REQUIRED WORK: In full and without edits, write out the data that follows.
*** MATERIAL FOR THE TASK Section Begins ***
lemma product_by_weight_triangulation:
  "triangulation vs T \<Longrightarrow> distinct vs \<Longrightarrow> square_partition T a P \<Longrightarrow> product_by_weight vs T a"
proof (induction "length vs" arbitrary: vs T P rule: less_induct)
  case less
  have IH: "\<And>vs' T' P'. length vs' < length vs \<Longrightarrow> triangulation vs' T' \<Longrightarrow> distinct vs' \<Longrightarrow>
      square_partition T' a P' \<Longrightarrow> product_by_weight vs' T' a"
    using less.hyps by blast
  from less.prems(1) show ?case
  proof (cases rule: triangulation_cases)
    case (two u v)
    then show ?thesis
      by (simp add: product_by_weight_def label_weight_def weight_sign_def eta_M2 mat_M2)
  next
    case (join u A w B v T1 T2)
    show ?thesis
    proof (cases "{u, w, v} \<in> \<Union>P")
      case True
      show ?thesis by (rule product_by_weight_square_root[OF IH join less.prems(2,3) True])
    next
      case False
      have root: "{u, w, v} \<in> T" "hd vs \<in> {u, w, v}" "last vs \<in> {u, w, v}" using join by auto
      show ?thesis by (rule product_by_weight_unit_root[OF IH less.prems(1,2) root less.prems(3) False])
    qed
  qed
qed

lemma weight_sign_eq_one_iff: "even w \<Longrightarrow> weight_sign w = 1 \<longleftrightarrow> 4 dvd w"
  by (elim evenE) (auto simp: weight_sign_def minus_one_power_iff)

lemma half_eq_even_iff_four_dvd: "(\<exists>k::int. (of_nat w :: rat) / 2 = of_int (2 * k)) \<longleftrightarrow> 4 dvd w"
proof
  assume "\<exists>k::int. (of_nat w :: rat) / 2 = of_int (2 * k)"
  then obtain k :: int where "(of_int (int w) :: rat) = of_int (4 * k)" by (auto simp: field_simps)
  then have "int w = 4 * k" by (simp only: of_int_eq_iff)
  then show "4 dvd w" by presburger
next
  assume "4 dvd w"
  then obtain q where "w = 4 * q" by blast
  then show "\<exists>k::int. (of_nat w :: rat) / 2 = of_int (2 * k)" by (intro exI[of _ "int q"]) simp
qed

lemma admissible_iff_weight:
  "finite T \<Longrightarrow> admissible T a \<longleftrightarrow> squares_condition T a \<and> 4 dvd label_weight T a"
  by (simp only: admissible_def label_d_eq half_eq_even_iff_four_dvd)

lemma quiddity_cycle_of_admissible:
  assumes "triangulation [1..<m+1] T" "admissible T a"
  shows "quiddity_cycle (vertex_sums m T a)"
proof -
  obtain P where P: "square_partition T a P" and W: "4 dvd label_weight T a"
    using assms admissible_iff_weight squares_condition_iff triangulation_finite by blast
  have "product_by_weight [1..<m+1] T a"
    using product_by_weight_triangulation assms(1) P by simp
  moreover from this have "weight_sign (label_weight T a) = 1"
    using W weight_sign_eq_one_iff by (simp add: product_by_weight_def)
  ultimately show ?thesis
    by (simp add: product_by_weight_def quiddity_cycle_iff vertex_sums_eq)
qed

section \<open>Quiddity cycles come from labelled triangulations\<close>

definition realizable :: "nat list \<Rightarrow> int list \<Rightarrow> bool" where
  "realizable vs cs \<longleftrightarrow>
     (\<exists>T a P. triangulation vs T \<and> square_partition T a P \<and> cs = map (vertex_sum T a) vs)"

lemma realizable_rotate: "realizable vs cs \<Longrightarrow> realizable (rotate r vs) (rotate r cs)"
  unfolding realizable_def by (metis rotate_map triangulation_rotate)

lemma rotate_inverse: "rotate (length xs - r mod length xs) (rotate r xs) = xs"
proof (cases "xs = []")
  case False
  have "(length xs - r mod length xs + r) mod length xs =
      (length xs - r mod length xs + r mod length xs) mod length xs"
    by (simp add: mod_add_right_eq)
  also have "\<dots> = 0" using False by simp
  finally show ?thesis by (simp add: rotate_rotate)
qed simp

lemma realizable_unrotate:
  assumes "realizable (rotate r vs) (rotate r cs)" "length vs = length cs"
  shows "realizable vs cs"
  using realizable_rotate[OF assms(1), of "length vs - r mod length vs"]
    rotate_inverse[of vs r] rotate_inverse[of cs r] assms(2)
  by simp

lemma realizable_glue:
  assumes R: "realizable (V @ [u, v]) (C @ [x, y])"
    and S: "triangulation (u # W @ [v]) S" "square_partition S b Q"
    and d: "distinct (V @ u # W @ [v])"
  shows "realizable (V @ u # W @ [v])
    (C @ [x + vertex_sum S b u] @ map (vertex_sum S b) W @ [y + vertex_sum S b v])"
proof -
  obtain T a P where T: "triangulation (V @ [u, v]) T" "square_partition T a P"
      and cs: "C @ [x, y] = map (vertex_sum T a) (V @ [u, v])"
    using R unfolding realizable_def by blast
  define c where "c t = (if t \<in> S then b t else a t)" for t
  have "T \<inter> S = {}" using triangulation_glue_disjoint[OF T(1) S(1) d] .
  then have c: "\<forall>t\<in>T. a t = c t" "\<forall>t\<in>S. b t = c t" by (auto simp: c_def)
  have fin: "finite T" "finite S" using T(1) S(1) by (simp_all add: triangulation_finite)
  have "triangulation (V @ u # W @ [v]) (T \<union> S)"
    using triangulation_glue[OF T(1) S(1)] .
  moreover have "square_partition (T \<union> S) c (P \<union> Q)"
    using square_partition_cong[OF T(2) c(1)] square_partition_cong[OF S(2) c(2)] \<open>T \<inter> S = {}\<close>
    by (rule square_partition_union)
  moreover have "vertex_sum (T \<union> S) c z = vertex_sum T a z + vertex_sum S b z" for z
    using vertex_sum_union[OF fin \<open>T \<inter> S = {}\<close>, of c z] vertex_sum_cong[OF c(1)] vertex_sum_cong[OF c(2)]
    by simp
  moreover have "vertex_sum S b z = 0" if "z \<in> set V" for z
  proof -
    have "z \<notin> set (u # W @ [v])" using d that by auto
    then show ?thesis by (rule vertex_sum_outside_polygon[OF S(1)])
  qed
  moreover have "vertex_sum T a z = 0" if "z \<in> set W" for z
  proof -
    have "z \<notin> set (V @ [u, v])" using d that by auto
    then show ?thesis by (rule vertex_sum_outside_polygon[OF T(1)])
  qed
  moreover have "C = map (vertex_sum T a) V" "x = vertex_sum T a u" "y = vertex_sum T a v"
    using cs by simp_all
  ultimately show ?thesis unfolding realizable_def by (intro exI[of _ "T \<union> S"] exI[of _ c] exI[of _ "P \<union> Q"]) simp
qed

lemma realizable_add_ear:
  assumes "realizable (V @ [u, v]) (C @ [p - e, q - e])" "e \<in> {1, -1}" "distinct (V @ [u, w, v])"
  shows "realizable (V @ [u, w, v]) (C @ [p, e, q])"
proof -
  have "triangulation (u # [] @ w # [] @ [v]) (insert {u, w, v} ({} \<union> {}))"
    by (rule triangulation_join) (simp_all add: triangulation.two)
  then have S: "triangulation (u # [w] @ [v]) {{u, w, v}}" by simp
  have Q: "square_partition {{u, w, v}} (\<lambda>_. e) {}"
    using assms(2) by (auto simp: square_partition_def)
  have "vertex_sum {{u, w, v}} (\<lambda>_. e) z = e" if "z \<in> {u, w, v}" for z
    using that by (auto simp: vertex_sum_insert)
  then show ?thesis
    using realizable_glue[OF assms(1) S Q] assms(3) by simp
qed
*** MATERIAL FOR THE TASK Section Ends ***
REPLY TO THE TASK:
lemma product_by_weight_triangulation:
  "triangulation vs T \<Longrightarrow> distinct vs \<Longrightarrow> square_partition T a P \<Longrightarrow> product_by_weight vs T a"
proof (induction "length vs" arbitrary: vs T P rule: less_induct)
  case less
  have IH: "\<And>vs' T' P'. length vs' < length vs \<Longrightarrow> triangulation vs' T' \<Longrightarrow> distinct vs' \<Longrightarrow>
      square_partition T' a P' \<Longrightarrow> product_by_weight vs' T' a"
    using less.hyps by blast
  from less.prems(1) show ?case
  proof (cases rule: triangulation_cases)
    case (two u v)
    then show ?thesis
      by (simp add: product_by_weight_def label_weight_def weight_sign_def eta_M2 mat_M2)
  next
    case (join u A w B v T1 T2)
    show ?thesis
    proof (cases "{u, w, v} \<in> \<Union>P")
      case True
      show ?thesis by (rule product_by_weight_square_root[OF IH join less.prems(2,3) True])
    next
      case False
      have root: "{u, w, v} \<in> T" "hd vs \<in> {u, w, v}" "last vs \<in> {u, w, v}" using join by auto
      show ?thesis by (rule product_by_weight_unit_root[OF IH less.prems(1,2) root less.prems(3) False])
    qed
  qed
qed

lemma weight_sign_eq_one_iff: "even w \<Longrightarrow> weight_sign w = 1 \<longleftrightarrow> 4 dvd w"
  by (elim evenE) (auto simp: weight_sign_def minus_one_power_iff)

lemma half_eq_even_iff_four_dvd: "(\<exists>k::int. (of_nat w :: rat) / 2 = of_int (2 * k)) \<longleftrightarrow> 4 dvd w"
proof
  assume "\<exists>k::int. (of_nat w :: rat) / 2 = of_int (2 * k)"
  then obtain k :: int where "(of_int (int w) :: rat) = of_int (4 * k)" by (auto simp: field_simps)
  then have "int w = 4 * k" by (simp only: of_int_eq_iff)
  then show "4 dvd w" by presburger
next
  assume "4 dvd w"
  then obtain q where "w = 4 * q" by blast
  then show "\<exists>k::int. (of_nat w :: rat) / 2 = of_int (2 * k)" by (intro exI[of _ "int q"]) simp
qed

lemma admissible_iff_weight:
  "finite T \<Longrightarrow> admissible T a \<longleftrightarrow> squares_condition T a \<and> 4 dvd label_weight T a"
  by (simp only: admissible_def label_d_eq half_eq_even_iff_four_dvd)

lemma quiddity_cycle_of_admissible:
  assumes "triangulation [1..<m+1] T" "admissible T a"
  shows "quiddity_cycle (vertex_sums m T a)"
proof -
  obtain P where P: "square_partition T a P" and W: "4 dvd label_weight T a"
    using assms admissible_iff_weight squares_condition_iff triangulation_finite by blast
  have "product_by_weight [1..<m+1] T a"
    using product_by_weight_triangulation assms(1) P by simp
  moreover from this have "weight_sign (label_weight T a) = 1"
    using W weight_sign_eq_one_iff by (simp add: product_by_weight_def)
  ultimately show ?thesis
    by (simp add: product_by_weight_def quiddity_cycle_iff vertex_sums_eq)
qed

section \<open>Quiddity cycles come from labelled triangulations\<close>

definition realizable :: "nat list \<Rightarrow> int list \<Rightarrow> bool" where
  "realizable vs cs \<longleftrightarrow>
     (\<exists>T a P. triangulation vs T \<and> square_partition T a P \<and> cs = map (vertex_sum T a) vs)"

lemma realizable_rotate: "realizable vs cs \<Longrightarrow> realizable (rotate r vs) (rotate r cs)"
  unfolding realizable_def by (metis rotate_map triangulation_rotate)

lemma rotate_inverse: "rotate (length xs - r mod length xs) (rotate r xs) = xs"
proof (cases "xs = []")
  case False
  have "(length xs - r mod length xs + r) mod length xs =
      (length xs - r mod length xs + r mod length xs) mod length xs"
    by (simp add: mod_add_right_eq)
  also have "\<dots> = 0" using False by simp
  finally show ?thesis by (simp add: rotate_rotate)
qed simp

lemma realizable_unrotate:
  assumes "realizable (rotate r vs) (rotate r cs)" "length vs = length cs"
  shows "realizable vs cs"
  using realizable_rotate[OF assms(1), of "length vs - r mod length vs"]
    rotate_inverse[of vs r] rotate_inverse[of cs r] assms(2)
  by simp

lemma realizable_glue:
  assumes R: "realizable (V @ [u, v]) (C @ [x, y])"
    and S: "triangulation (u # W @ [v]) S" "square_partition S b Q"
    and d: "distinct (V @ u # W @ [v])"
  shows "realizable (V @ u # W @ [v])
    (C @ [x + vertex_sum S b u] @ map (vertex_sum S b) W @ [y + vertex_sum S b v])"
proof -
  obtain T a P where T: "triangulation (V @ [u, v]) T" "square_partition T a P"
      and cs: "C @ [x, y] = map (vertex_sum T a) (V @ [u, v])"
    using R unfolding realizable_def by blast
  define c where "c t = (if t \<in> S then b t else a t)" for t
  have "T \<inter> S = {}" using triangulation_glue_disjoint[OF T(1) S(1) d] .
  then have c: "\<forall>t\<in>T. a t = c t" "\<forall>t\<in>S. b t = c t" by (auto simp: c_def)
  have fin: "finite T" "finite S" using T(1) S(1) by (simp_all add: triangulation_finite)
  have "triangulation (V @ u # W @ [v]) (T \<union> S)"
    using triangulation_glue[OF T(1) S(1)] .
  moreover have "square_partition (T \<union> S) c (P \<union> Q)"
    using square_partition_cong[OF T(2) c(1)] square_partition_cong[OF S(2) c(2)] \<open>T \<inter> S = {}\<close>
    by (rule square_partition_union)
  moreover have "vertex_sum (T \<union> S) c z = vertex_sum T a z + vertex_sum S b z" for z
    using vertex_sum_union[OF fin \<open>T \<inter> S = {}\<close>, of c z] vertex_sum_cong[OF c(1)] vertex_sum_cong[OF c(2)]
    by simp
  moreover have "vertex_sum S b z = 0" if "z \<in> set V" for z
  proof -
    have "z \<notin> set (u # W @ [v])" using d that by auto
    then show ?thesis by (rule vertex_sum_outside_polygon[OF S(1)])
  qed
  moreover have "vertex_sum T a z = 0" if "z \<in> set W" for z
  proof -
    have "z \<notin> set (V @ [u, v])" using d that by auto
    then show ?thesis by (rule vertex_sum_outside_polygon[OF T(1)])
  qed
  moreover have "C = map (vertex_sum T a) V" "x = vertex_sum T a u" "y = vertex_sum T a v"
    using cs by simp_all
  ultimately show ?thesis unfolding realizable_def by (intro exI[of _ "T \<union> S"] exI[of _ c] exI[of _ "P \<union> Q"]) simp
qed

lemma realizable_add_ear:
  assumes "realizable (V @ [u, v]) (C @ [p - e, q - e])" "e \<in> {1, -1}" "distinct (V @ [u, w, v])"
  shows "realizable (V @ [u, w, v]) (C @ [p, e, q])"
proof -
  have "triangulation (u # [] @ w # [] @ [v]) (insert {u, w, v} ({} \<union> {}))"
    by (rule triangulation_join) (simp_all add: triangulation.two)
  then have S: "triangulation (u # [w] @ [v]) {{u, w, v}}" by simp
  have Q: "square_partition {{u, w, v}} (\<lambda>_. e) {}"
    using assms(2) by (auto simp: square_partition_def)
  have "vertex_sum {{u, w, v}} (\<lambda>_. e) z = e" if "z \<in> {u, w, v}" for z
    using that by (auto simp: vertex_sum_insert)
  then show ?thesis
    using realizable_glue[OF assms(1) S Q] assms(3) by simp
qed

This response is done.